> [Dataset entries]
(* For all $n\in\mathbb N$ the following hold in the $q$-shuffle algebra $\mathbb V$: $$xC_n=(-1)^nq^{-n}\sum_{i=0}^n W_{-i}\star D_{n-i}=(-1)^nq^{n}\sum_{i=0}^n D_{n-i}\star W_{-i},$$ $$C_ny=(-1)^nq^{-n}\sum_{i=0}^n D_{n-i}\star W_{i+1}=(-1)^nq^{n}\sum_{i=0}^n W_{i+1}\star D_{n-i}.$$ Here $xC_n$ and $C_ny$ denote concatenation products in the free algebra.
   Context: Let $\mathbb F$ be a field and let $q\in\mathbb F$ be nonzero and not a root of unity. Let $[m]_q=(q^m-q^{-m})/(q-q^{-1})$. Let $\mathbb V$ be the free associative $\mathbb F$-algebra on noncommuting $x,y$, with basis the words (including $1$). Juxtaposition denotes concatenation. Set $\langle x,x\rangle=\langle y,y\rangle=2$ and $\langle x,y\rangle=\langle y,x\rangle=-2$. The $q$-shuffle product $\star$ is the bilinear product determined as follows: - $1\star v=v\star 1=v$; - for nontrivial words $u=u_1\cdots u_r$ and $v=v_1\cdots v_s$, $$u\star v=u_1((u_2\cdots u_r)\star v)+v_1(u\star(v_2\cdots v_s))q^{\langle u_1,v_1\rangle+\cdots+\langle u_r,v_1\rangle}.$$ This makes $\mathbb V$ an associative algebra, the $q$-shuffle algebra. For $k\in\mathbb N$: - $W_{-k}=xyx\cdots x$ is the alternating word of length $2k+1$ beginning and ending with $x$; - $W_{k+1}=yxy\cdots y$ is the alternating word of length $2k+1$ beginning and ending with $y$; - $\tilde G_k=xyxy\cdots xy$ is the word of length $2k$, with $\tilde G_0=1$. Define $D_0=1$ and, for $n\ge1$, define $D_n$ recursively by $\sum_{i=0}^n D_i\star\tilde G_{n-i}=0$. Let $\overline x=1$ and $\overline y=-1$. A word $v_1\cdots v_m$ is Catalan if $\overline v_1+\cdots+\overline v_i\ge0$ for $1\le i\le m-1$ and $\overline v_1+\cdots+\overline v_m=0$. For $n\in\mathbb N$, $$C_n=\sum v_1v_2\cdots v_{2n}\,[1]_q[1+\overline v_1]_q[1+\overline v_1+\overline v_2]_q\cdots[1+\overline v_1+\cdots+\overline v_{2n}]_q,$$ where the sum is over all Catalan words $v_1\cdots v_{2n}$ of length $2n$ (so $C_0=1$). *)

theory Defs
  imports Main
begin

datatype letter = X | Y

text \<open>Elements of V are represented by their coefficient functions on words.
  The genuine algebra V consists of the finitely supported ones; all operations
  below are the (bi)linear extensions of the operations on words.\<close>
type_synonym 'a vec = "letter list \<Rightarrow> 'a"

definition wd :: "letter list \<Rightarrow> 'a::field vec" where
  "wd u = (\<lambda>w. if w = u then 1 else 0)"

definition lcat :: "letter \<Rightarrow> 'a::field vec \<Rightarrow> 'a vec" where
  "lcat c f = (\<lambda>w. case w of [] \<Rightarrow> 0 | d # w' \<Rightarrow> if d = c then f w' else 0)"

definition rcat :: "'a::field vec \<Rightarrow> letter \<Rightarrow> 'a vec" where
  "rcat f c = (\<lambda>w. if w \<noteq> [] \<and> last w = c then f (butlast w) else 0)"

definition smul :: "'a::field \<Rightarrow> 'a vec \<Rightarrow> 'a vec" where
  "smul a f = (\<lambda>w. a * f w)"

fun pair :: "letter \<Rightarrow> letter \<Rightarrow> int" where
  "pair X X = 2" | "pair Y Y = 2" | "pair X Y = -2" | "pair Y X = -2"

fun qsh :: "'a::field \<Rightarrow> letter list \<Rightarrow> letter list \<Rightarrow> 'a vec" where
  "qsh q [] v = wd v"
| "qsh q (a # u) [] = wd (a # u)"
| "qsh q (a # u) (b # v) =
     (\<lambda>w. lcat a (qsh q u (b # v)) w
          + lcat b (qsh q (a # u) v) w * q powi (\<Sum>c\<leftarrow>a # u. pair c b))"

> [Exercise brief]
Check each line above for the string "operations" and return those that contain it.

> [Solution to this problem]
  The genuine algebra V consists of the finitely supported ones; all operations
  below are the (bi)linear extensions of the operations on words.\<close>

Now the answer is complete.